A predictor that explains itself

The 2026 World Cup runs across Canada, the USA, and Mexico from June 11th. Forty-eight teams, 104 matches, a month of football. I wanted a hobby project to run alongside it — not just a bracket predictor, but one that narrates its own shifts as results come in. Claude writes the match summaries; a deterministic model handles the maths.

The site is fully static. No backend, no server-side rendering, no live API calls from the browser. A small Python pipeline runs on my laptop after each match, regenerates the JSON files, and I upload them to the host. Total cost across the tournament: about a dollar fifty.

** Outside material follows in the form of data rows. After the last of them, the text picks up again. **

lemma obtain_opposite_sides:
  assumes "i \<in> I" "j \<in> I" "i \<noteq> j" "q \<in> cbox (l i) (u i)" "q \<in> cbox (l j) (u j)"
  obtains k where "k \<in> Basis" "opposite_sides q k i j"
proof -
  obtain k where k: "k \<in> Basis"
    "u i \<bullet> k \<le> l i \<bullet> k \<or> u j \<bullet> k \<le> l j \<bullet> k \<or> u i \<bullet> k \<le> l j \<bullet> k \<or> u j \<bullet> k \<le> l i \<bullet> k"
    using box_disjoint[OF assms(1-3)] disjoint_interval(4) by blast
  moreover have "l i \<bullet> k \<le> q \<bullet> k" "q \<bullet> k \<le> u i \<bullet> k"
    "l j \<bullet> k \<le> q \<bullet> k" "q \<bullet> k \<le> u j \<bullet> k"
    using assms(4,5) k(1) by (auto simp: mem_box)
  ultimately have "opposite_sides q k i j"
    using assms(1,2) lower_less_upper[of i k] lower_less_upper[of j k]
    by (auto simp: opposite_sides_def)
  with k(1) show thesis ..
qed

lemma not_opposite_sides_if_opposite_to_same:
  assumes "i \<in> I" "x \<in> I" "y \<in> I" "k \<in> Basis"
    and "opposite_sides q k i x" "opposite_sides q k i y"
  shows "\<not> opposite_sides q k x y"
  using assms lower_less_upper[of i k] lower_less_upper[of x k] lower_less_upper[of y k]
  by (auto simp: opposite_sides_def)

text \<open>For a box with corner q, the coordinate directions in which it extends from q.\<close>

definition orthant :: "'a \<Rightarrow> 'i \<Rightarrow> 'a set" where
  "orthant q i = {k \<in> Basis. q \<bullet> k = l i \<bullet> k}"

lemma orthant_subset_Basis: "orthant q i \<subseteq> Basis"
  by (auto simp: orthant_def)

lemma orthant_inj_on:
  "inj_on (orthant q) {i \<in> I. q \<in> cbox (l i) (u i)}"
proof (rule inj_onI, rule ccontr)
  fix i j
  assume i: "i \<in> {i \<in> I. q \<in> cbox (l i) (u i)}" and j: "j \<in> {i \<in> I. q \<in> cbox (l i) (u i)}"
    and eq: "orthant q i = orthant q j" and "i \<noteq> j"
  then obtain k where k: "k \<in> Basis" "opposite_sides q k i j"
    using obtain_opposite_sides by blast
  then have "(k \<in> orthant q i) \<noteq> (k \<in> orthant q j)"
    using i j lower_less_upper[of i k] lower_less_upper[of j k]
    by (auto simp: opposite_sides_def orthant_def)
  with eq show False by simp
qed

lemma card_le_if_common_point:
  assumes "J \<subseteq> I" and "\<forall>j\<in>J. q \<in> cbox (l j) (u j)"
  shows "card J \<le> 2 ^ DIM('a)"
proof -
  have "inj_on (orthant q) J"
    using assms by (blast intro: inj_on_subset[OF orthant_inj_on])
  then have "card J \<le> card (Pow (Basis :: 'a set))"
    by (rule card_inj_on_le) (auto simp: orthant_def)
  then show ?thesis
    by (simp add: card_Pow)
qed
(* Let $D$ be a Ferrers diagram with $n$ rows and $n$ columns, i.e. $D = \{(a,b) : 1 \le a \le n,\ 1 \le b \le \lambda_a\}$ for integers $n = \lambda_1 \ge \lambda_2 \ge \cdots \ge \lambda_n \ge 1$. Let $G$ be its Ferrers graph: the bipartite graph with row-vertices $1,\dots,n$ and column-vertices $1,\dots,n$, row $a$ adjacent to column $b$ if and only if $(a,b) \in D$. Every Hamiltonian path of $G$ has one end a row-vertex and the other a column-vertex; write it, starting from its row end, as $a_1, b_1, a_2, b_2, \dots, a_n, b_n$ (the $a_i$ rows, the $b_i$ columns). An $n$-rook placement on $D$ is a set of $n$ boxes of $D$, no two in the same row or column. Define a map $\Phi$ on Hamiltonian paths of $G$ as follows. Set $b_0 := 1$ and start with two empty sets $A$, $B$ of boxes. For $i = 1, \dots, n$ in turn: if no box of $A$ lies in column $b_{i-1}$, add the box $(a_i, b_{i-1})$ to $A$; otherwise add to $A$ the box $(a_i, c)$, where $c$ is the smallest column index greater than $b_{i-1}$ such that no box of $A$ lies in column $c$; then add the box $(a_i, b_i)$ to $B$. Set $\Phi(\text{path}) = (A, B)$. Then $\Phi$ is well defined (in particular the column $c$ always exists and every box added to $A$ lies in $D$), and $\Phi$ is a bijection from the set of Hamiltonian paths of $G$ onto the set of ordered pairs $(A,B)$ of $n$-rook placements on $D$. Consequently the number of Hamiltonian paths of $G$ equals the square of the number of $n$-rook placements on $D$.
   Context: Boxes are indexed as $(a,b)$ = (row, column). Hamiltonian paths are regarded as undirected paths through all $2n$ vertices; each is recorded uniquely as the vertex sequence starting from its row-vertex end. *)

theory Defs
  imports Main
begin

definition ferrers_shape :: "nat \<Rightarrow> (nat \<Rightarrow> nat) \<Rightarrow> bool" where
  "ferrers_shape n lam \<longleftrightarrow> n \<ge> 1 \<and> lam 1 = n \<and>
     (\<forall>a. 1 \<le> a \<and> a < n \<longrightarrow> lam (Suc a) \<le> lam a) \<and> lam n \<ge> 1"

definition ferrers_diagram :: "nat \<Rightarrow> (nat \<Rightarrow> nat) \<Rightarrow> (nat \<times> nat) set" where
  "ferrers_diagram n lam = {(a, b). 1 \<le> a \<and> a \<le> n \<and> 1 \<le> b \<and> b \<le> lam a}"

text \<open>Ferrers graph: vertices Inl a (row a) and Inr b (column b), 1 <= a,b <= n.\<close>
definition fg_vertices :: "nat \<Rightarrow> (nat + nat) set" where
  "fg_vertices n = Inl ` {1..n} \<union> Inr ` {1..n}"

fun fg_adj :: "(nat \<times> nat) set \<Rightarrow> nat + nat \<Rightarrow> nat + nat \<Rightarrow> bool" where
  "fg_adj D (Inl a) (Inr b) = ((a, b) \<in> D)"
| "fg_adj D (Inr b) (Inl a) = ((a, b) \<in> D)"
| "fg_adj D _ _ = False"

text \<open>Hamiltonian paths of the Ferrers graph, each recorded as its vertex sequence
  starting from its row-vertex end.\<close>
definition ham_paths :: "nat \<Rightarrow> (nat \<Rightarrow> nat) \<Rightarrow> (nat + nat) list set" where
  "ham_paths n lam = {vs. distinct vs \<and> set vs = fg_vertices n \<and>
      (\<forall>i. Suc i < length vs \<longrightarrow> fg_adj (ferrers_diagram n lam) (vs ! i) (vs ! Suc i)) \<and>
      vs \<noteq> [] \<and> isl (hd vs)}"

text \<open>The pairs (a_i, b_i), i = 1..n, of a path a_1, b_1, ..., a_n, b_n.\<close>
definition path_pairs :: "nat \<Rightarrow> (nat + nat) list \<Rightarrow> (nat \<times> nat) list" where
  "path_pairs n vs = map (\<lambda>i. (projl (vs ! (2 * i)), projr (vs ! (2 * i + 1)))) [0..<n]"

definition rook_placements :: "nat \<Rightarrow> (nat \<Rightarrow> nat) \<Rightarrow> (nat \<times> nat) set set" where
  "rook_placements n lam = {R. R \<subseteq> ferrers_diagram n lam \<and> card R = n \<and>
      inj_on fst R \<and> inj_on snd R}"

definition phi_col :: "nat \<Rightarrow> (nat \<times> nat) set \<Rightarrow> nat" where
  "phi_col prev A = (if prev \<notin> snd ` A then prev else (LEAST c. prev < c \<and> c \<notin> snd ` A))"

fun phi_aux :: "(nat \<times> nat) list \<Rightarrow> nat \<Rightarrow> (nat \<times> nat) set \<Rightarrow> (nat \<times> nat) set
                 \<Rightarrow> (nat \<times> nat) set \<times> (nat \<times> nat) set" where
  "phi_aux [] prev A B = (A, B)"
| "phi_aux ((a, b) # ps) prev A B =
     phi_aux ps b (insert (a, phi_col prev A) A) (insert (a, b) B)"

definition Phi :: "nat \<Rightarrow> (nat + nat) list \<Rightarrow> (nat \<times> nat) set \<times> (nat \<times> nat) set" where
  "Phi n vs = phi_aux (path_pairs n vs) 1 {} {}"

text \<open>State before step i+1 (0-based i): A after i steps and the column b_i (b_0 = 1).\<close>
definition phi_A_before :: "nat \<Rightarrow> (nat + nat) list \<Rightarrow> nat \<Rightarrow> (nat \<times> nat) set" where
  "phi_A_before n vs i = fst (phi_aux (take i (path_pairs n vs)) 1 {} {})"

definition phi_prev :: "nat \<Rightarrow> (nat + nat) list \<Rightarrow> nat \<Rightarrow> nat" where
  "phi_prev n vs i = (if i = 0 then 1 else snd (path_pairs n vs ! (i - 1)))"

end

theory Submission
  imports Defs
begin

text \<open>
  Write a path as rows r 0, ..., r (n - 1) and columns k 0, ..., k (n - 1), let p i be the
  previous column (p 0 = 1 and p i = k (i - 1) otherwise) and c i the column of the box added to A
  at step i. Because the k i are distinct, an induction shows that after step i + 1 the columns
  of A are k 0, ..., k (i - 1) together with the least positive integer missing among them. Hence
  either c i = p i, or p i is already used and c i is that least missing integer, so that
  c i \<le> i + 1 \<le> n and c i \<le> k i. Either way (r i, c i) lies weakly left of a box (r i, p i)
  or (r i, k i) of the path, hence in the diagram; and the c i are distinct by construction.

  Conversely, c i depends only on k 0, ..., k (i - 1); then r i is the row of the A-rook in
  column c i and k i is the column of the B-rook in row r i. So (A, B) determines the path, and
  running this recursion on an arbitrary pair of placements yields a Hamiltonian path: its edges
  (r (i + 1), k i) lie in the diagram because k i = p (i + 1) \<le> c (i + 1).
\<close>

section \<open>The columns of A\<close>

definition next_free :: "nat \<Rightarrow> nat set \<Rightarrow> nat" where
  "next_free p S = (if p \<notin> S then p else (LEAST c. p < c \<and> c \<notin> S))"

definition mex :: "nat set \<Rightarrow> nat" where
  "mex S = (LEAST m. 0 < m \<and> m \<notin> S)"

lemma phi_col_eq_next_free: "phi_col p A = next_free p (snd ` A)"
  by (simp add: phi_col_def next_free_def)

lemma exists_greater_notin:
  fixes S :: "nat set"
  assumes "finite S"
  shows "\<exists>c. p < c \<and> c \<notin> S"
proof -
  obtain m where "\<forall>s\<in>S. s < m" using assms finite_nat_set_iff_bounded by blast
  then show ?thesis by (intro exI[of _ "Suc p + m"]) auto
qed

One JSON file in, four JSON files out

The match-day workflow is deliberately spartan. Edit a results file, run a script, upload the resulting JSONs. Everything in between is automated.

results.json edited by me update.py one command ├─ predictor.py Elo + Poisson + 10,000 Monte Carlo └─ narrator.py Claude API call per match site_data/*.json written by the script cyber-wyse.com/wc26/ uploaded, static

The static front-end is vanilla HTML/CSS/JS. No framework, no build step. The browser fetches five JSON files, renders the bracket, the contender list, the per-team pages. Hosting is just plain static file serving.

Elo, Poisson, Monte Carlo

The numerical model is intentionally simple. Three layers, each doing one job.

// what the model doesn't see

No injuries. No suspensions. No tactical matchups. No weather. No referee history. The model has the score and a strength rating; that's it. The predictor's honesty about that is the point of the experiment.

Narration from data, not from journalism

After each match finishes, the script computes the structured context — pre-match probabilities, Elo deltas, tournament-odds shifts, group state — and passes it to Claude with a tight system prompt. The prompt has a banned-cliche list and three voice modes picked automatically.

Crucially: Claude doesn't read journalism. There's no scraping of BBC Sport or ESPN match reports. Every summary is written from the model's numerical output alone. That keeps it ethically clean and it forces a particular kind of writing — observational, odds-aware, never claiming to know how the football actually looked.

// example output

"Mexico edged South Africa 2-1 in the Group A opener — a result the model gave them only 54%. Two goals were enough to take the points, but the bracket has shifted noticeably: Mexico's path to the quarter-finals just got 6 percentage points easier, while South Africa's hopes of a third-place qualifier dropped to 22%."

Two pennies a match

Sonnet 4.6 at ~2,000 input tokens and ~150 output tokens per summary works out to roughly $0.006 per call. The matchday narrative is closer to $0.015.

Across 104 matches plus matchday round-ups, the entire tournament costs about $1.00 to $1.50 in API spend. Hosting is whatever I'm already paying for cyber-wyse. There's no runtime cost — visitors hit static files, not the Claude API.

Not betting advice. Not even close.

The site is plastered with this and I'll repeat it here: do not use this to inform betting decisions. The model is a toy. The probabilities on the site will routinely diverge from bookmakers' lines because bookmakers price in vastly more information — injuries, suspensions, lineups, recent form, weather — and add their own margin.

This is a hobby project demonstrating what AI-assisted prediction can and can't see. Half the interesting output will be the post-tournament retrospective: where did the model and Claude get things right? Where did they whiff? What patterns of error emerge when an LLM narrates from numbers alone?

National Council on Problem Gambling: ncpgambling.org · 1-800-GAMBLER, 24/7.